The repeat-sales method is an approach to construct property price indexes by exploiting multiple sales for the same property over time to control for time-invariant differences in quality between properties. In practice, repeat-sales indexes come in a number of different flavors. There are two broad classes of repeat-sales price indexes—the geometric repeat-sales index (GRS index) and the arithmetic repeat-sales index (ARS index)—along with various weighting schemes that can be used to weight the prices in the index calculation. In all cases these indexes can be calculated as a linear estimator using a few different matrices. The purpose of the rsmatrix package is to make it easy to construct these matrices and compute a repeat-sales index.
Some data
Let’s start with some fictitious data on house sales for five cities over a ten-year period. These data won’t make an interesting price index, but they’re broadly representative of the type of data used to make a housing price index in practice.
set.seed(15243)
periods <- seq(as.Date("2010-01-01"), as.Date("2019-12-31"), "day")
prices <- data.frame(
sale = sample(periods, 5e5, TRUE),
property = factor(sprintf("%05d", sample(1:5e4, 5e5, TRUE))),
city = factor(sample(1:5, 1e5, TRUE)),
price = round(rlnorm(5e5) * 5e5, -3)
)
prices <- prices[order(prices$city, prices$property, prices$sale), ]
row.names(prices) <- NULL
head(prices)
#> sale property city price
#> 1 2012-11-18 00001 1 2831000
#> 2 2018-10-05 00001 1 290000
#> 3 2010-09-20 00002 1 1519000
#> 4 2019-12-19 00002 1 269000
#> 5 2012-06-25 00003 1 712000
#> 6 2016-10-15 00003 1 520000
Preparing to make the matrices
The repeat-sales method uses multiple sales for the same property over time to identify the change in housing prices. The major step to prepare the data for this method is to make pairs of consecutive sales (sales pairs). Note that this will remove the sizable chunk of properties for which there is only one sale.

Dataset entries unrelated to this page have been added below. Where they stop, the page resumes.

text \<open>The commutator is the generator for a = (x - 1) y^-1 and b = y.\<close>

lemma commutator_in_C0:
  assumes "eps x = 1" and "eps y = 1"
  shows "x * y * uinv x * uinv y \<in> C0 eps"
proof -
  define a where "a = (x - 1) * uinv y"
  have y: "y * uinv y = 1" "uinv y * y = 1"
    using assms(2) by (simp_all add: mult_uinv_if_eps_eq_1 uinv_mult_if_eps_eq_1)
  have "1 + a * y = x" using y by (simp add: a_def algebra_simps mult.assoc)
  moreover have "uinv (1 + y * a) = y * uinv x * uinv y"
  proof -
    have "1 + y * a = y * x * uinv y" using y by (simp add: a_def algebra_simps mult.assoc)
    then show ?thesis using assms by (simp add: uinv_mult eps_uinv uinv_uinv mult.assoc)
  qed
  moreover have "eps a = 0" using assms by (simp add: a_def)
  ultimately show ?thesis using C0.gen[of eps a y] by (simp add: mult.assoc)
qed

text \<open>Equality of classes in eps^-1(1)/C0. Including the side conditions makes the relation
  transitive without hypotheses, so that it can be chained with also/finally.\<close>

definition C0_equiv :: "'b \<Rightarrow> 'b \<Rightarrow> bool" (infix \<open>\<sim>\<close> 50) where
  "x \<sim> y \<longleftrightarrow> eps x = 1 \<and> eps y = 1 \<and> eqC0 eps x y"

lemma C0_equiv_refl: "eps x = 1 \<Longrightarrow> x \<sim> x"
  by (simp add: C0_equiv_def eqC0_def mult_uinv_if_eps_eq_1 C0.one)

lemma C0_equiv_trans [trans]: "x \<sim> y \<Longrightarrow> y \<sim> z \<Longrightarrow> x \<sim> z"
  using C0.mult[of "x * uinv y" eps "y * uinv z"]
  by (simp add: C0_equiv_def eqC0_def mult.assoc uinv_mult_cancel_left)

lemma C0_equiv_C0_mult: "c \<in> C0 eps \<Longrightarrow> eps x = 1 \<Longrightarrow> c * x \<sim> x"
  by (simp add: C0_equiv_def eqC0_def eps_C0 mult.assoc mult_uinv_if_eps_eq_1)

lemma C0_equiv_commute: "eps x = 1 \<Longrightarrow> eps y = 1 \<Longrightarrow> x * y \<sim> y * x"
  using commutator_in_C0 by (simp add: C0_equiv_def eqC0_def uinv_mult mult.assoc)

lemma C0_equiv_mult_right:
  assumes "y \<sim> y'" and "eps x = 1"
  shows "y * x \<sim> y' * x"
proof -
  have "y * x * uinv (y' * x) = y * uinv y'"
    using assms by (simp add: C0_equiv_def uinv_mult mult.assoc mult_uinv_cancel_left)
  then show ?thesis using assms by (simp add: C0_equiv_def eqC0_def)
qed

lemma C0_equiv_mult:
  assumes "x \<sim> x'" and "y \<sim> y'"
  shows "x * y \<sim> x' * y'"
proof -
  have e: "eps x' = 1" "eps y = 1" "eps y' = 1"
    using assms by (simp_all add: C0_equiv_def)
  have "x * y \<sim> x' * y" using assms(1) e(2) by (rule C0_equiv_mult_right)
  also have "\<dots> \<sim> y * x'" using e by (simp add: C0_equiv_commute)
  also have "\<dots> \<sim> y' * x'" using assms(2) e(1) by (rule C0_equiv_mult_right)
  also have "\<dots> \<sim> x' * y'" using e by (simp add: C0_equiv_commute)
  finally show ?thesis .
qed

lemma C0_equiv_mult_left: "y \<sim> y' \<Longrightarrow> eps x = 1 \<Longrightarrow> x * y \<sim> x * y'"
  using C0_equiv_mult C0_equiv_refl by blast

interaction(prices$city, prices$property, drop = TRUE) |>
tabulate() |>
quantile()
#> 0% 25% 50% 75% 100%
#> 1 1 2 3 11
We’ll be making a monthly index, and it’s useful to turn sale dates
into year months before constructing sales pairs. (Using, say, the
yearmon
class from zoo instead of a factor
means this can be done after making sales pairs.)
prices$period <- cut(prices$sale, "month")
The rs_pairs()
function gives the position of the
previous sale for each property in each city in the data.
sales_pairs <- rs_pairs(prices$sale, interaction(prices$city, prices$property))
prices[c("price_prev", "period_prev")] <- prices[sales_pairs, c("price", "period")]
head(prices)
#> sale property city price period price_prev period_prev
#> 1 2012-11-18 00001 1 2831000 2012-11-01 2831000 2012-11-01
#> 2 2018-10-05 00001 1 290000 2018-10-01 2831000 2012-11-01
#> 3 2010-09-20 00002 1 1519000 2010-09-01 1519000 2010-09-01
#> 4 2019-12-19 00002 1 269000 2019-12-01 1519000 2010-09-01
#> 5 2012-06-25 00003 1 712000 2012-06-01 712000 2012-06-01
#> 6 2016-10-15 00003 1 520000 2016-10-01 712000 2012-06-01
Now that the data are oriented as sales pairs, we can remove pairs of transactions that don’t belong in the calculation. The goal is to help motivate the assumption that it is only time-invariant differences in quality that confound a change in housing prices with a change in the composition of housing that sells over time.
It’s normal to remove pairs of transactions that are close together (e.g., less than two months apart), as these properties may be flips or the result of financial difficulty that is not indicative of what the property would have otherwise sold for. Note that this filters out properties that only sell once.
prices$holding_period <- with(prices, as.numeric(period) - as.numeric(period_prev))
prices <- subset(prices, holding_period > 2)
Properties with a very large change in price may have undergone major improvements or depreciation that similarly undermine the assumptions of the repeat-sales method. There are many ways to try and filter out these transactions, but a simple approach is to remove pairs of sales where the monthly return for a property is greater than, say, 2.5 median absolute deviations from the median. (The gpindex package has several other methods for dealing with extreme changes in prices.)
library(gpindex)
monthly_return <- with(prices, (price / price_prev)^(1 / holding_period))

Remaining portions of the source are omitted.